lemma ea_le_card:
  "E \<subseteq> arcs T1 - D \<Longrightarrow> acyclic_af X Ts (yield X T1 (D \<union> E)) \<Longrightarrow> ea X Ts D \<le> card E"
  unfolding ea_def by (rule Least_le) blast

lemma optimal_deletion_exists:
  assumes "D \<subseteq> arcs T1"
  shows "\<exists>E. optimal_deletion D E"
proof -
  have "D \<union> (arcs T1 - D) = arcs T1" using assms by blast
  then have "yield X T1 (D \<union> (arcs T1 - D)) = {{x} | x. x \<in> X}"
    using T1.yield_eq_cut_blocks[of "arcs T1"] T1.cut_blocks_all_arcs by simp
  then have "\<exists>n E. E \<subseteq> arcs T1 - D \<and> card E = n \<and> acyclic_af X Ts (yield X T1 (D \<union> E))"
    using acyclic_af_singletons by auto
  then show ?thesis unfolding optimal_deletion_def ea_def by (rule LeastI_ex)
qed

context
  fixes D E e
  assumes D: "D \<subseteq> arcs T1" and E: "optimal_deletion D E" and e: "e \<in> E"
begin

private lemma finite_E: "finite E"
  using E T1.finite_arcs finite_subset unfolding optimal_deletion_def by blast

private lemma card_optimal_remove: "card (E - {e}) + 1 = ea X Ts D"
proof -
  have "card E > 0" using finite_E e card_gt_0_iff by blast
  then show ?thesis using E e finite_E unfolding optimal_deletion_def by (simp add: card_Diff_singleton)
qed

lemma ea_insert_optimal_edge: "ea X Ts (D \<union> {e}) + 1 = ea X Ts D"
proof -
  have sub: "E \<subseteq> arcs T1 - D" "e \<in> arcs T1 - D" using E e unfolding optimal_deletion_def by blast+
  have "D \<union> {e} \<union> (E - {e}) = D \<union> E" using e by blast
  then have "acyclic_af X Ts (yield X T1 (D \<union> {e} \<union> (E - {e})))"
    using E unfolding optimal_deletion_def by simp
  moreover have "E - {e} \<subseteq> arcs T1 - (D \<union> {e})" using sub(1) by blast
  ultimately have "ea X Ts (D \<union> {e}) \<le> card (E - {e})" by (intro ea_le_card)
  then have upper: "ea X Ts (D \<union> {e}) + 1 \<le> ea X Ts D" using card_optimal_remove by simp
  have "D \<union> {e} \<subseteq> arcs T1" using D sub(2) by blast
  then obtain E2 where E2: "optimal_deletion (D \<union> {e}) E2"
    using optimal_deletion_exists by blast
  then have "finite E2" using T1.finite_arcs finite_subset unfolding optimal_deletion_def by blast
  have "D \<union> insert e E2 = D \<union> {e} \<union> E2" by blast
  then have "ea X Ts D \<le> card (insert e E2)"
    using ea_le_card[of "insert e E2" D] E2 sub(2) unfolding optimal_deletion_def by auto
  also have "\<dots> \<le> ea X Ts (D \<union> {e}) + 1"
    using E2 \<open>finite E2\<close> unfolding optimal_deletion_def by (simp add: card_insert_if)
  finally show ?thesis using upper by simp
qed

lemma ea_insert_optimal_edge_and_arc:
  assumes e': "e' \<in> arcs T1 - D"
  shows "ea X Ts (D \<union> {e, e'}) + 1 \<le> ea X Ts D"
proof -
  have sub: "D \<union> E \<subseteq> arcs T1" "insert e' (D \<union> E) \<subseteq> arcs T1"
    using D E e' unfolding optimal_deletion_def by blast+
  have "acyclic_af X Ts (T1.cut_blocks (snd ` (D \<union> E)))"
    using E T1.yield_eq_cut_blocks[OF sub(1)] unfolding optimal_deletion_def by simp
  then have "acyclic_af X Ts (T1.cut_blocks (insert (snd e') (snd ` (D \<union> E))))"
    by (rule acyclic_af_insert_cut)
  moreover have "D \<union> {e, e'} \<union> (E - {e, e'}) = insert e' (D \<union> E)" using e by blast
  ultimately have "acyclic_af X Ts (yield X T1 (D \<union> {e, e'} \<union> (E - {e, e'})))"
    using T1.yield_eq_cut_blocks[OF sub(2)] by simp
  then have "ea X Ts (D \<union> {e, e'}) \<le> card (E - {e, e'})"
    using ea_le_card[of "E - {e, e'}"] E unfolding optimal_deletion_def by blast
  also have "\<dots> \<le> card (E - {e})" using finite_E by (intro card_mono) auto
  finally show ?thesis using card_optimal_remove by simp
qed

end

section \<open>Optimal deletions at the roots of a cycle\<close>

lemma gf_arc_source_root_not_leaf:
  assumes af: "agreement_forest X Ts P" and B: "B \<in> P" "B' \<in> P" and arc: "gf_arc X Ts B B'"
  shows "children T1 (lca X T1 B) \<noteq> {}"
proof
  assume childless: "children T1 (lca X T1 B) = {}"
  have BX: "B \<subseteq> X" "B' \<subseteq> X" "B \<noteq> {}" "B' \<noteq> {}"
    using agreement_forest_block_subset[OF af] agreement_forest_block_ne[OF af] B by blast+
  obtain x0 where x0: "x0 \<in> B" using BX by blast
  have lbl_root: "lbl T1 x = lca X T1 B" if "x \<in> B" for x
    using T1.childless_desc_eq[OF childless T1.lca_desc[OF BX(1,3) that]] .
  have "x = x0" if "x \<in> B" for x
    using T1.lbl_inj[of x x0] lbl_root[OF that] lbl_root[OF x0] that x0 BX(1) by (simp add: subset_iff)
  then have single: "B = {x0}" using x0 by blast
  obtain T where T: "T \<in> set Ts" "(lca X T B, lca X T B') \<in> (arcs T)\<^sup>*" and "B \<noteq> B'"
    using arc unfolding gf_arc_def by blast
  interpret T: phylo X T using phylo_member T(1) .
  have "x0 \<in> X" using x0 BX by blast
  then have "lca X T B = lbl T x0" using T.lca_singleton single by simp
  then have "(lbl T x0, lca X T B') \<in> (arcs T)\<^sup>*" using T(2) by simp
  then have lca_B': "lca X T B' = lbl T x0" by (rule T.leaf_desc_eq[OF \<open>x0 \<in> X\<close>])
  have "z = x0" if "z \<in> B'" for z
  proof -
    have "(lbl T x0, lbl T z) \<in> (arcs T)\<^sup>*" using T.lca_desc[OF BX(2,4) that] lca_B' by simp
    then show ?thesis using T.leaf_desc_leaf \<open>x0 \<in> X\<close> BX(2) that by (metis subsetD)
  qed
  then have "B' \<subseteq> B" using single by blast
  then show False using agreement_forest_disjoint[OF af B \<open>B \<noteq> B'\<close>] BX(4) by blast
qed

lemma gf_arc_root_children:
  assumes af: "agreement_forest X Ts P" and B: "B \<in> P" "B' \<in> P" and arc: "gf_arc X Ts B B'"
  obtains c d where "children T1 (lca X T1 B) = {c, d}" "c \<noteq> d"
proof (rule T1.obtain_two_children)
  show "lca X T1 B \<in> verts T1"
    using T1.lca_in_verts agreement_forest_block_subset[OF af B(1)] agreement_forest_block_ne[OF af B(1)] .
  show "children T1 (lca X T1 B) \<noteq> {}" using gf_arc_source_root_not_leaf[OF assms] .
qed (rule that)

text \<open>A cluster of \<open>T1|B\<close> meeting both sides of the root of \<open>B\<close> is \<open>B\<close> itself; since \<open>T|B\<close> has the
  same clusters, \<open>B0\<close> and \<open>B\<close> have the same root in \<open>T\<close>.\<close>

lemma lca_straddling_subset_eq:
  assumes af: "agreement_forest X Ts P" and B: "B \<in> P"
    and children: "children T1 (lca X T1 B) = {c, d}" "c \<noteq> d"
    and B0: "B0 \<subseteq> B" "x \<in> B0" "(c, lbl T1 x) \<in> (arcs T1)\<^sup>*" "y \<in> B0" "(d, lbl T1 y) \<in> (arcs T1)\<^sup>*"
    and T: "T \<in> set Ts"
  shows "lca X T B0 = lca X T B"
proof -
  interpret T: phylo X T using phylo_member T .
  let ?u = "lca X T B0"
  have BX: "B \<subseteq> X" "B \<noteq> {}" "B0 \<subseteq> X" "B0 \<noteq> {}"
    using agreement_forest_block_subset[OF af B] B0 by blast+
  have B0_u: "B0 \<subseteq> clus X T ?u" using T.lca_clus[OF BX(3,4)] .
  then have "clus X T ?u \<inter> B \<in> restr_clusters X T B"
    unfolding restr_clusters_def using T.lca_in_verts[OF BX(3,4)] B0 by blast
  then obtain z where z: "clus X T ?u \<inter> B = clus X T1 z \<inter> B"
    using agreement_forest_restr_clusters[OF af T B] unfolding restr_clusters_def by auto
  then have "(z, lbl T1 x) \<in> (arcs T1)\<^sup>*" "(z, lbl T1 y) \<in> (arcs T1)\<^sup>*"
    using B0_u B0 unfolding clus_def by blast+
  then have "B \<subseteq> clus X T1 z"
    using T1.straddling_cluster_contains_block[OF BX(1,2) children] B0 by blast
  then have "(?u, lca X T B) \<in> (arcs T)\<^sup>*"
    using z T.lca_greatest[OF BX(1,2)] T.lca_in_verts[OF BX(3,4)] by blast
  then show ?thesis using T.lca_anti_mono[OF B0(1) BX(1,4)] T.desc_antisym by blast
qed

lemma optimal_deletion_exchange:
  assumes D: "D \<subseteq> arcs T1" and E: "optimal_deletion D E"
    and rs: "(r, s) \<in> arcs T1 - D" "s \<notin> snd ` (D \<union> E)"
    and w0: "w0 \<in> snd ` (D \<union> E) - snd ` D"
    and equiv: "\<forall>p \<in> X. \<forall>q \<in> X.
      T1.cut_equiv (insert s (snd ` (D \<union> E) - {w0})) p q \<longleftrightarrow> T1.cut_equiv (snd ` (D \<union> E)) p q"
  shows "\<exists>E'. optimal_deletion D E' \<and> (r, s) \<in> E'"
proof -
  have E_arcs: "E \<subseteq> arcs T1 - D" using E unfolding optimal_deletion_def by blast
  obtain e0 where e0: "e0 \<in> D \<union> E" "w0 = snd e0" using w0 by blast
  then have "e0 \<notin> D" using w0 by blast
  define E' where "E' = insert (r, s) (E - {e0})"
  have "finite E" using E_arcs T1.finite_arcs finite_subset by blast
  moreover have "(r, s) \<notin> E" using rs(2) by force
  ultimately have "card E' = card E"
    unfolding E'_def using card_Suc_Diff1[of E e0] e0(1) \<open>e0 \<notin> D\<close> by simp
  have arcs: "D \<union> E' \<subseteq> arcs T1" "D \<union> E \<subseteq> arcs T1" "E' \<subseteq> arcs T1 - D"
    using D E_arcs rs(1) unfolding E'_def by blast+
  have "D \<union> E' = insert (r, s) ((D \<union> E) - {e0})" unfolding E'_def using \<open>e0 \<notin> D\<close> by blast
  moreover have "snd ` ((D \<union> E) - {e0}) = snd ` (D \<union> E) - {w0}"
    using inj_on_image_set_diff[OF T1.inj_on_snd_arcs, of "D \<union> E" "{e0}"] arcs(2) e0 by auto
  ultimately have "yield X T1 (D \<union> E') = T1.cut_blocks (insert s (snd ` (D \<union> E) - {w0}))"
    using T1.yield_eq_cut_blocks[OF arcs(1)] by simp
  also have "\<dots> = T1.cut_blocks (snd ` (D \<union> E))"
    using equiv by (intro T1.cut_blocks_cong) blast
  also have "\<dots> = yield X T1 (D \<union> E)"
    using T1.yield_eq_cut_blocks[OF arcs(2)] by simp
  finally have "optimal_deletion D E'"
    using E arcs(3) \<open>card E' = card E\<close> unfolding optimal_deletion_def by simp
  then show ?thesis unfolding E'_def by blast
qed

lemma root_child_arc:
  assumes D: "D \<subseteq> arcs T1" and B: "B \<in> yield X T1 D"
    and children: "children T1 (lca X T1 B) = {c, d}" "c \<noteq> d" and a: "a \<in> {c, d}"
  shows "(lca X T1 B, a) \<in> arcs T1 - D"
proof -
  have "B \<in> T1.cut_blocks (snd ` D)" using B T1.yield_eq_cut_blocks[OF D] by simp
  then have "a \<notin> snd ` D" using T1.root_children_uncut children a by blast
  then show ?thesis using children a unfolding children_def by force
qed

lemma gf_arc_root_arc:
  assumes "D \<subseteq> arcs T1" "agreement_forest X Ts (yield X T1 D)"
    and "B \<in> yield X T1 D" "B' \<in> yield X T1 D" "gf_arc X Ts B B'"
  obtains c where "(lca X T1 B, c) \<in> arcs T1 - D"
proof -
  obtain c d where "children T1 (lca X T1 B) = {c, d}" "c \<noteq> d"
    using gf_arc_root_children[OF assms(2-5)] .
  from root_child_arc[OF assms(1,3) this, of c] show thesis by (simp add: that)
qed

context
  fixes D E B c d
  assumes D: "D \<subseteq> arcs T1" and af: "agreement_forest X Ts (yield X T1 D)"
    and B: "B \<in> yield X T1 D"
    and children: "children T1 (lca X T1 B) = {c, d}" "c \<noteq> d"
    and E: "optimal_deletion D E"
begin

**Instructions to follow**: Exactly as they appear above, output the lines of the data from the first through the one that contains "T1.cut_blocks_all_arcs by simp", and only those lines.

**Exercise solution**:
lemma ea_le_card:
  "E \<subseteq> arcs T1 - D \<Longrightarrow> acyclic_af X Ts (yield X T1 (D \<union> E)) \<Longrightarrow> ea X Ts D \<le> card E"
  unfolding ea_def by (rule Least_le) blast

lemma optimal_deletion_exists:
  assumes "D \<subseteq> arcs T1"
  shows "\<exists>E. optimal_deletion D E"
proof -
  have "D \<union> (arcs T1 - D) = arcs T1" using assms by blast
  then have "yield X T1 (D \<union> (arcs T1 - D)) = {{x} | x. x \<in> X}"
    using T1.yield_eq_cut_blocks[of "arcs T1"] T1.cut_blocks_all_arcs by simp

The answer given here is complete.